*** Input for this task
lemma closed_graph_bound_on_ball:
  fixes T :: "'a::banach \<Rightarrow> 'b::banach"
  assumes T: "linear T"
    and graph: "\<And>X a c. X \<longlonglongrightarrow> a \<Longrightarrow> (\<lambda>n. T (X n)) \<longlonglongrightarrow> c \<Longrightarrow> T a = c"
    and approx: "\<And>z t d. norm z < r * t \<Longrightarrow> t > 0 \<Longrightarrow> d > 0 \<Longrightarrow> \<exists>y. norm (T y) \<le> C * t \<and> norm (z - y) < d"
    and x: "norm x < r"
  shows "norm (T x) \<le> 2 * C"
proof -
  interpret linear T by fact
  have r: "r > 0" using x by (metis norm_ge_zero le_less_trans)
  have "\<exists>y. norm z < r / 2^k \<longrightarrow> norm (T y) \<le> C / 2^k \<and> norm (z - y) < r / 2^Suc k" for z k
    using approx[of z "1 / 2^k" "r / 2^Suc k"] r by (auto simp: field_simps)
  then obtain Y where Y: "\<And>z k. norm z < r / 2^k \<Longrightarrow> norm (T (Y z k)) \<le> C / 2^k \<and> norm (z - Y z k) < r / 2^Suc k"
    by metis
  \<comment> \<open>\<open>x\<close> is the sum of the approximants \<open>y k\<close> of the residuals \<open>res k\<close>, so closedness of the
      graph makes \<open>T x\<close> the sum of the geometrically decaying \<open>T (y k)\<close>\<close>
  define res where "res = rec_nat x (\<lambda>k z. z - Y z k)"
  define y where "y k = Y (res k) k" for k
  have res_0: "res 0 = x" and res_Suc: "res (Suc k) = res k - y k" for k
    by (simp_all add: res_def y_def)
  have res_small: "norm (res k) < r / 2^k" for k
  proof (induction k)
    case 0
    then show ?case using x res_0 by simp
  next
    case (Suc k)
    then show ?case using Y[OF Suc] res_Suc by (simp add: y_def)
  qed
  have Ty: "norm (T (y k)) \<le> C * (1/2)^k" for k using Y[OF res_small] by (simp add: y_def power_divide)
  have "(\<lambda>k. res k) \<longlonglongrightarrow> 0"
  proof (rule tendsto_norm_zero_cancel, rule Lim_null_comparison)
    show "\<forall>\<^sub>F k in sequentially. norm (norm (res k)) \<le> r * (1/2)^k"
      using res_small by (auto intro!: always_eventually less_imp_le simp: power_divide)
    show "(\<lambda>k. r * (1/2::real)^k) \<longlonglongrightarrow> 0"
      by (intro tendsto_mult_right_zero LIMSEQ_realpow_zero) auto
  qed
  moreover have "(\<Sum>i<k. y i) = x - res k" for k
    by (induction k) (simp_all add: res_0 res_Suc)
  ultimately have partial_sums: "(\<lambda>k. \<Sum>i<k. y i) \<longlonglongrightarrow> x"
    using tendsto_diff[OF tendsto_const[of x], of res 0 sequentially] by simp
  have geometric: "summable (\<lambda>k. C * (1/2::real)^k)" by (intro summable_mult summable_geometric) auto
  then have "summable (\<lambda>k. T (y k))" using Ty by (intro summable_comparison_test'[OF geometric]) auto
  then have "(\<lambda>k. T (\<Sum>i<k. y i)) \<longlonglongrightarrow> (\<Sum>k. T (y k))"
    unfolding sum using summable_LIMSEQ by blast
  then have "T x = (\<Sum>k. T (y k))" by (rule graph[OF partial_sums])
  also have "norm \<dots> \<le> (\<Sum>k. C * (1/2::real)^k)"
    using geometric Ty by (intro norm_suminf_le) auto
  also have "\<dots> = 2 * C" using suminf_geometric[of "1/2::real"] by (simp add: suminf_mult)
  finally show ?thesis .
qed

theorem closed_graph_imp_bounded_linear:
  fixes T :: "'a::banach \<Rightarrow> 'b::banach"
  assumes T: "linear T"
    and graph: "\<And>X a c. X \<longlonglongrightarrow> a \<Longrightarrow> (\<lambda>n. T (X n)) \<longlonglongrightarrow> c \<Longrightarrow> T a = c"
  shows "bounded_linear T"
proof -
  interpret linear T by fact
  define F where "F n = closure {x. norm (T x) \<le> real n}" for n
  have "x \<in> F (nat \<lceil>norm (T x)\<rceil>)" for x
    unfolding F_def by (rule closure_subset[THEN subsetD]) (simp add: real_nat_ceiling_ge)
  then have "(\<Union>n. F n) = UNIV" by blast
  then obtain n where "interior (F n) \<noteq> {}"
    using Baire_interior_nonempty[of F] unfolding F_def by auto
  then obtain p r where r: "r > 0" "ball p r \<subseteq> F n"
    by (meson open_contains_ball open_interior interior_subset subset_trans ex_in_conv)
  have bound: "norm (T x) \<le> 2 * real n" if "norm x < r" for x
    using closed_graph_bound_on_ball[OF T graph linear_approx_from_ball_in_closure[OF T r(2)[unfolded F_def]] that] .
  show ?thesis
  proof (rule bounded_linear_intro[where K = "4 * real n / r"])
    show "norm (T x) \<le> norm x * (4 * real n / r)" for x
    proof (cases "x = 0")
      case True
      then show ?thesis by (simp add: zero)
    next
      case False
      define s where "s = r / (2 * norm x)"
      have s: "s > 0" "norm (s *\<^sub>R x) < r" using False r by (simp_all add: s_def)
      then have "s * norm (T x) \<le> 2 * real n" using bound[OF s(2)] by (simp add: scale)
      then show ?thesis using False r s by (simp add: s_def field_simps)
    qed
  qed (simp_all add: add scale)
qed

section \<open>Banach quasi *-algebras and their forms\<close>

locale semisimple_banach_quasi_star_algebra =
  fixes sc :: "complex \<Rightarrow> 'a::banach \<Rightarrow> 'a"
    and A0 :: "'a set" and m :: "'a \<Rightarrow> 'a \<Rightarrow> 'a" and invl :: "'a \<Rightarrow> 'a" and u :: 'a
  assumes banach: "banach_quasi_star_algebra sc A0 m invl u"
    and semisimple: "star_semisimple UNIV A0 m sc invl norm"
begin

abbreviation forms :: "('a \<Rightarrow> 'a \<Rightarrow> complex) set" where
  "forms \<equiv> S_forms UNIV A0 m sc invl norm"

abbreviation Ab :: "'a set" where
  "Ab \<equiv> bounded_elems A0 m"

abbreviation wprod :: "'a \<Rightarrow> 'a \<Rightarrow> 'a" (infixl \<open>\<box>\<close> 70) where
  "a \<box> b \<equiv> weak_prod A0 m sc invl a b"

lemma sc_of_real: "sc (complex_of_real r) x = r *\<^sub>R x"
  and sc_mult: "sc (c * d) x = sc c (sc d x)"
  and sc_add: "sc c (x + y) = sc c x + sc c y"
  and sc_one: "sc 1 x = x"
  and norm_sc: "norm (sc c x) = cmod c * norm x"
  using banach unfolding banach_quasi_star_algebra_def complex_banach_def by auto

lemma zero_A0: "0 \<in> A0"
  and add_A0: "x \<in> A0 \<Longrightarrow> y \<in> A0 \<Longrightarrow> x + y \<in> A0"
  and sc_A0: "x \<in> A0 \<Longrightarrow> sc c x \<in> A0"
  and m_A0: "x \<in> A0 \<Longrightarrow> y \<in> A0 \<Longrightarrow> m x y \<in> A0"
  and invl_A0: "x \<in> A0 \<Longrightarrow> invl x \<in> A0"
  and invl_invl: "invl (invl a) = a"
  and invl_add: "invl (a + b) = invl a + invl b"
  and invl_sc: "invl (sc c a) = sc (cnj c) (invl a)"
  and m_distrib_right: "x \<in> A0 \<Longrightarrow> m (a + b) x = m a x + m b x"
  and m_distrib_left: "x \<in> A0 \<Longrightarrow> m x (a + b) = m x a + m x b"
  and m_distrib_left_A0: "x \<in> A0 \<Longrightarrow> y \<in> A0 \<Longrightarrow> m a (x + y) = m a x + m a y"
  and m_distrib_right_A0: "x \<in> A0 \<Longrightarrow> y \<in> A0 \<Longrightarrow> m (x + y) a = m x a + m y a"
  and m_sc_left: "x \<in> A0 \<Longrightarrow> m (sc c a) x = sc c (m a x)"
  and m_sc_right_A0: "x \<in> A0 \<Longrightarrow> m a (sc c x) = sc c (m a x)"
  and m_sc_right: "x \<in> A0 \<Longrightarrow> m x (sc c a) = sc c (m x a)"
  and m_sc_left_A0: "x \<in> A0 \<Longrightarrow> m (sc c x) a = sc c (m x a)"
  and m_assoc_middle: "x \<in> A0 \<Longrightarrow> y \<in> A0 \<Longrightarrow> m (m x a) y = m x (m a y)"
  and m_assoc_left: "x \<in> A0 \<Longrightarrow> y \<in> A0 \<Longrightarrow> m a (m x y) = m (m a x) y"
  and m_assoc_right: "x \<in> A0 \<Longrightarrow> y \<in> A0 \<Longrightarrow> m (m x y) a = m x (m y a)"
  and invl_m: "x \<in> A0 \<Longrightarrow> invl (m a x) = m (invl x) (invl a)"
  and u_A0: "u \<in> A0"
  and m_unit_right: "m a u = a"
  using banach unfolding banach_quasi_star_algebra_def unital_quasi_star_algebra_def by auto

lemma norm_invl: "norm (invl a) = norm a"
  and dense_A0: "closure A0 = UNIV"
  and continuous_m_right: "x \<in> A0 \<Longrightarrow> continuous_on UNIV (\<lambda>a. m a x)"
  using banach unfolding banach_quasi_star_algebra_def by auto

lemma bounded_linear_sc: "bounded_linear (sc z)"
proof (rule bounded_linear_intro[where K = "cmod z"])
  show "sc z (r *\<^sub>R x) = r *\<^sub>R sc z x" for r x
    by (metis sc_of_real sc_mult mult.commute)
qed (simp_all add: sc_add norm_sc mult.commute)

lemma subspace_A0: "subspace A0"
  unfolding subspace_def using zero_A0 add_A0 sc_A0[where c = "complex_of_real _"]
  by (simp add: sc_of_real)

lemma bounded_linear_invl: "bounded_linear invl"
proof (rule bounded_linear_intro[where K = 1])
  show "invl (r *\<^sub>R a) = r *\<^sub>R invl a" for r a
    using invl_sc[of "complex_of_real r" a] by (simp add: sc_of_real)
qed (simp_all add: invl_add norm_invl)

lemma bounded_linear_m_right: "x \<in> A0 \<Longrightarrow> bounded_linear (\<lambda>a. m a x)"
  by (intro continuous_linear_imp_bounded_linear linearI continuous_m_right)
     (simp_all add: m_distrib_right m_sc_left[where c = "complex_of_real _", unfolded sc_of_real])

lemma m_via_invl: "x \<in> A0 \<Longrightarrow> m x a = invl (m (invl a) (invl x))"
  using invl_m[of "invl x" "invl a"] by (simp add: invl_A0 invl_invl)

lemma m_invl_via_invl: "x \<in> A0 \<Longrightarrow> m (invl a) x = invl (m (invl x) a)"
  using m_via_invl[OF invl_A0, of x a] by (simp add: invl_invl)

lemma bounded_linear_m_left: "x \<in> A0 \<Longrightarrow> bounded_linear (\<lambda>a. m x a)"
  using bounded_linear_compose[OF bounded_linear_invl
      bounded_linear_compose[OF bounded_linear_m_right[OF invl_A0] bounded_linear_invl]]
  by (simp add: m_via_invl)

lemma linear_on_m_left: "linear_on A0 (m a)"
  by (intro linear_onI)
     (simp_all add: m_distrib_left_A0 m_sc_right_A0[where c = "complex_of_real _", unfolded sc_of_real])

lemma linear_on_m_right: "linear_on A0 (\<lambda>x. m x a)"
  by (intro linear_onI)
     (simp_all add: m_distrib_right_A0 m_sc_left_A0[where c = "complex_of_real _", unfolded sc_of_real])

lemma form_add_left: "\<phi> \<in> forms \<Longrightarrow> \<phi> (a + b) c = \<phi> a c + \<phi> b c"
  and form_add_right: "\<phi> \<in> forms \<Longrightarrow> \<phi> c (a + b) = \<phi> c a + \<phi> c b"
  and form_sc_left: "\<phi> \<in> forms \<Longrightarrow> \<phi> (sc z a) b = z * \<phi> a b"
  and form_sc_right: "\<phi> \<in> forms \<Longrightarrow> \<phi> a (sc z b) = cnj z * \<phi> a b"
  and form_nonneg: "\<phi> \<in> forms \<Longrightarrow> 0 \<le> \<phi> a a"
  and form_bound: "\<phi> \<in> forms \<Longrightarrow> cmod (\<phi> a b) \<le> norm a * norm b"
  and form_invariant: "\<phi> \<in> forms \<Longrightarrow> x \<in> A0 \<Longrightarrow> y \<in> A0 \<Longrightarrow> \<phi> (m a x) y = \<phi> x (m (invl a) y)"
  unfolding S_forms_def sesquilinear_on_def by auto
******
## [Action item]
Your answer should be the lines above, from the line containing "invl x \<in>" up to and including the line containing "A0 \<Longrightarrow> m (x", reproduced exactly and with nothing else.

## [Reply]
  and invl_A0: "x \<in> A0 \<Longrightarrow> invl x \<in> A0"
  and invl_invl: "invl (invl a) = a"
  and invl_add: "invl (a + b) = invl a + invl b"
  and invl_sc: "invl (sc c a) = sc (cnj c) (invl a)"
  and m_distrib_right: "x \<in> A0 \<Longrightarrow> m (a + b) x = m a x + m b x"
  and m_distrib_left: "x \<in> A0 \<Longrightarrow> m x (a + b) = m x a + m x b"
  and m_distrib_left_A0: "x \<in> A0 \<Longrightarrow> y \<in> A0 \<Longrightarrow> m a (x + y) = m a x + m a y"
  and m_distrib_right_A0: "x \<in> A0 \<Longrightarrow> y \<in> A0 \<Longrightarrow> m (x + y) a = m x a + m y a"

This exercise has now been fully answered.